- [Task brief]:
Show each line from the records below in which the word "thesis" occurs.

- [Records to process]:

lemma matrix_denom_join_blocks:
  assumes g1: "g1 \<in> G1" and g2: "g2 \<in> G2"
  shows "1 / matrix_denom e (join_blocks g1 g2) =
    table_weight Y X (\<lambda>_. 2) g1 * table_weight ({..<e} - X) ({..<e} - Y) (\<lambda>_. 2) g2"
proof -
  note sums = sums_join_blocks[OF tables_support[OF g1] tables_support[OF g2]]
  have "(\<Prod>i<e. fact (2 - rowsum e (join_blocks g1 g2) i) :: real) =
      (\<Prod>i\<in>X. fact (2 - rowsum e (join_blocks g1 g2) i))"
    using X g2 by (intro prod.mono_neutral_right) (auto simp: sums tables_def)
  also have "\<dots> = (\<Prod>i\<in>X. fact (2 - (\<Sum>j\<in>Y. g1 j i)))"
    by (intro prod.cong refl) (simp add: sums)
  finally have rows: "(\<Prod>i<e. fact (2 - rowsum e (join_blocks g1 g2) i) :: real) =
      (\<Prod>i\<in>X. fact (2 - (\<Sum>j\<in>Y. g1 j i)))" .
  have "(\<Prod>j<e. fact (2 - colsum e (join_blocks g1 g2) j) :: real) =
      (\<Prod>j\<in>{..<e} - Y. fact (2 - colsum e (join_blocks g1 g2) j))"
    using g1 by (intro prod.mono_neutral_right) (auto simp: sums tables_def)
  also have "\<dots> = (\<Prod>j\<in>{..<e} - Y. fact (2 - (\<Sum>i\<in>{..<e} - X. g2 i j)))"
    by (intro prod.cong refl) (simp add: sums)
  finally have cols: "(\<Prod>j<e. fact (2 - colsum e (join_blocks g1 g2) j) :: real) =
      (\<Prod>j\<in>{..<e} - Y. fact (2 - (\<Sum>i\<in>{..<e} - X. g2 i j)))" .
  show ?thesis
    by (simp add: matrix_denom_def table_weight_def prod_fact_join_blocks[OF g1 g2] rows cols)
qed

lemma sum_split_matrices_inverse_denom:
  "(\<Sum>m\<in>split_matrices e X Y. 1 / matrix_denom e m) =
    (\<Sum>g\<in>G1. table_weight Y X (\<lambda>_. 2) g) * (\<Sum>g\<in>G2. table_weight ({..<e} - X) ({..<e} - Y) (\<lambda>_. 2) g)"
proof -
  have "(\<Sum>m\<in>split_matrices e X Y. 1 / matrix_denom e m) =
      (\<Sum>(g1, g2)\<in>G1 \<times> G2. table_weight Y X (\<lambda>_. 2) g1 * table_weight ({..<e} - X) ({..<e} - Y) (\<lambda>_. 2) g2)"
    unfolding sum_split_matrices by (intro sum.cong refl) (auto simp: matrix_denom_join_blocks)
  then show ?thesis
    by (simp add: sum_product sum.cartesian_product)
qed

lemma total_split_matrix:
  assumes "m \<in> split_matrices e X Y"
  shows "(\<Sum>i<e. \<Sum>j<e. m i j) = 2 * card Y + 2 * (e - card X)"
proof -
  obtain g1 g2 where g: "g1 \<in> G1" "g2 \<in> G2" and m: "m = join_blocks g1 g2"
    using split_matrix_blocks[OF assms] by (metis mem_Times_iff prod.collapse prod.case)
  note supp = tables_support[OF g(1)] tables_support[OF g(2)]
  note sums = sums_join_blocks[OF supp, folded m]
  have "(\<Sum>i<e. \<Sum>j<e. m i j) = (\<Sum>i\<in>X. rowsum e m i) + (\<Sum>i\<in>{..<e} - X. rowsum e m i)"
    using X by (simp add: rowsum_def sum.subset_diff[of X "{..<e}"] add.commute)
  also have "(\<Sum>i\<in>X. rowsum e m i) = (\<Sum>j\<in>Y. \<Sum>i\<in>X. g1 j i)"
    by (simp add: sums sum.swap[of _ X Y])
  also have "\<dots> = 2 * card Y"
    using g(1) by (simp add: tables_def)
  also have "(\<Sum>i\<in>{..<e} - X. rowsum e m i) = 2 * card ({..<e} - X)"
    using g(2) by (simp add: sums tables_def)
  also have "card ({..<e} - X) = e - card X"
    using X by (simp add: card_Diff_subset finite_subset)
  finally show ?thesis .
qed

- [Written response]:
  show ?thesis
  then show ?thesis
  finally show ?thesis .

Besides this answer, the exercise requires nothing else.